During the year ended April 30, 2020, as part of the Canadian government funded COVID-19 financial assistance programs, the Company received a loan in the amount of $29,842 (CAD $40,000) from the Bank of Montreal (CEBA term loan). The CEBA term loan is due on December 25, 2025. The loan is interest free until December 31, 2022 and bears interest at 5% per annum thereafter. If at least 75% of the loan principal is paid on or before December 31, 2022, the balance of the loan will be forgiven. The loan has been discounted at a market rate of interest of 20% and the discount and amount to be forgiven totaling $16,698 has been recorded as government assistance in the condensed consolidated statement of comprehensive loss for the current period. During the period ended January 31, 2021, interest and accretion of $2,180 has been recorded on the loan and is included in interest expense in the condensed consolidated statement of comprehensive loss.
During the period ended July 31, 2020, the Company received a loan in the amount of $42,700 under the Economic Injury Disaster Loan Program (“EIDL”) administered by the U.S. Small Business Administration (“SBA”). The program provides working capital to small businesses suffering substantial economic injury as a result of the Coronavirus. The loan bears interest at a rate of 3.75% per annum and is repayable in monthly payments of principal and interest over 30 years commencing one year after the date the loan was advanced. The loan has been discounted at a market rate of interest of 20% and the discount of $32,484 has been recorded as government assistance in the condensed consolidated statement of comprehensive loss for the current period. During the period ended January 31, 2021, interest and accretion of $1,211 has been recorded on the loan and is included in interest expense in the condensed consolidated statement of comprehensive loss.

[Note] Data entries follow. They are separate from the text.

lemma double_sum_ksubsets_eq_elem_sym_mean:
  assumes U: "finite U" and km: "k \<le> m" and mU: "m \<le> card U"
  shows "(\<Sum>J\<in>ksubsets U m. \<Sum>I\<in>ksubsets J k. \<Prod>i\<in>I. a i)
           / (real (m choose k) * real (card U choose m)) = elem_sym_mean a U k"
proof -
  have "real (card U choose m) * real (m choose k) = real (card U choose k) * real ((card U - k) choose (m - k))"
    using choose_mult[OF km mU] by (metis of_nat_mult)
  moreover have "real ((card U - k) choose (m - k)) > 0" "real (card U choose k) > 0"
    using km mU by (simp_all add: zero_less_binomial)
  ultimately show ?thesis
    using sum_ksubsets_of_ksubsets[OF U km]
    by (simp add: elem_sym_def elem_sym_mean_def field_simps)
qed

lemma binomial_le_elem_sym:
  assumes "finite U" and a: "\<And>i. i \<in> U \<Longrightarrow> 1 \<le> a i"
  shows "real (card U choose k) \<le> elem_sym a U k"
proof -
  have "(\<Sum>I\<in>ksubsets U k. 1) \<le> elem_sym a U k"
    unfolding elem_sym_def using a by (intro sum_mono prod_ge_1) (auto simp: ksubsets_def)
  then show ?thesis using assms by (simp add: card_ksubsets)
qed

lemma one_le_elem_sym_mean:
  assumes "finite U" "\<And>i. i \<in> U \<Longrightarrow> 1 \<le> a i" "k \<le> card U"
  shows "1 \<le> elem_sym_mean a U k"
  using binomial_le_elem_sym[OF assms(1,2), where k=k] zero_less_binomial[OF assms(3)]
  by (simp add: elem_sym_mean_def)

lemma elem_sym_mean_mono:
  assumes U: "finite U" and a: "\<And>i. i \<in> U \<Longrightarrow> 1 \<le> a i" and km: "k \<le> m" and mU: "m \<le> card U"
  shows "elem_sym_mean a U k \<le> elem_sym_mean a U m"
proof -
  have "(\<Sum>J\<in>ksubsets U m. \<Sum>I\<in>ksubsets J k. \<Prod>i\<in>I. a i)
      \<le> (\<Sum>J\<in>ksubsets U m. \<Sum>I\<in>ksubsets J k. \<Prod>i\<in>J. a i)"
    using U a by (intro sum_mono prod_mono2) (auto simp: ksubsets_def finite_subset order_trans[OF zero_le_one])
  also have "\<dots> = (\<Sum>J\<in>ksubsets U m. real (m choose k) * (\<Prod>i\<in>J. a i))"
  proof (intro sum.cong refl)
    fix J assume "J \<in> ksubsets U m"
    then have "finite J" "card J = m" using U by (auto simp: ksubsets_def finite_subset)
    then show "(\<Sum>I\<in>ksubsets J k. \<Prod>i\<in>J. a i) = real (m choose k) * (\<Prod>i\<in>J. a i)"
      by (simp add: card_ksubsets)
  qed
  also have "\<dots> = real (m choose k) * elem_sym a U m"
    by (simp add: elem_sym_def sum_distrib_left)
  finally have "elem_sym_mean a U k \<le> real (m choose k) * elem_sym a U m
                  / (real (m choose k) * real (card U choose m))"
    using double_sum_ksubsets_eq_elem_sym_mean[OF U km mU, of a]
    by (metis divide_right_mono of_nat_0_le_iff mult_nonneg_nonneg)
  then show ?thesis
    using km by (simp add: elem_sym_mean_def zero_less_binomial)
qed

13. SHARE CAPITAL AND RESERVES
(a) Authorized
Unlimited common shares without par value; and
Unlimited Restricted Voting Common Shares without par value. Restricted Voting Common Shares may be entitled to receive dividends as and when declared by the board of directors, only if the same dividend is declared or paid on the common shares. Restricted Voting Common Shares may be converted into common shares on a one-for-one basis without payment of additional consideration, at the option of the holder with consent of the board of directors, and at any time at the option of the board of directors.
- (b) Issued Share Capital
At January 31, 2021 there were 42,128,125 (April 30, 2020 – 41,382,188) common shares issued and fully paid and 14,770,967 (April 30, 2020 – 14,770,967) Restricted Voting Common Shares issued and fully paid.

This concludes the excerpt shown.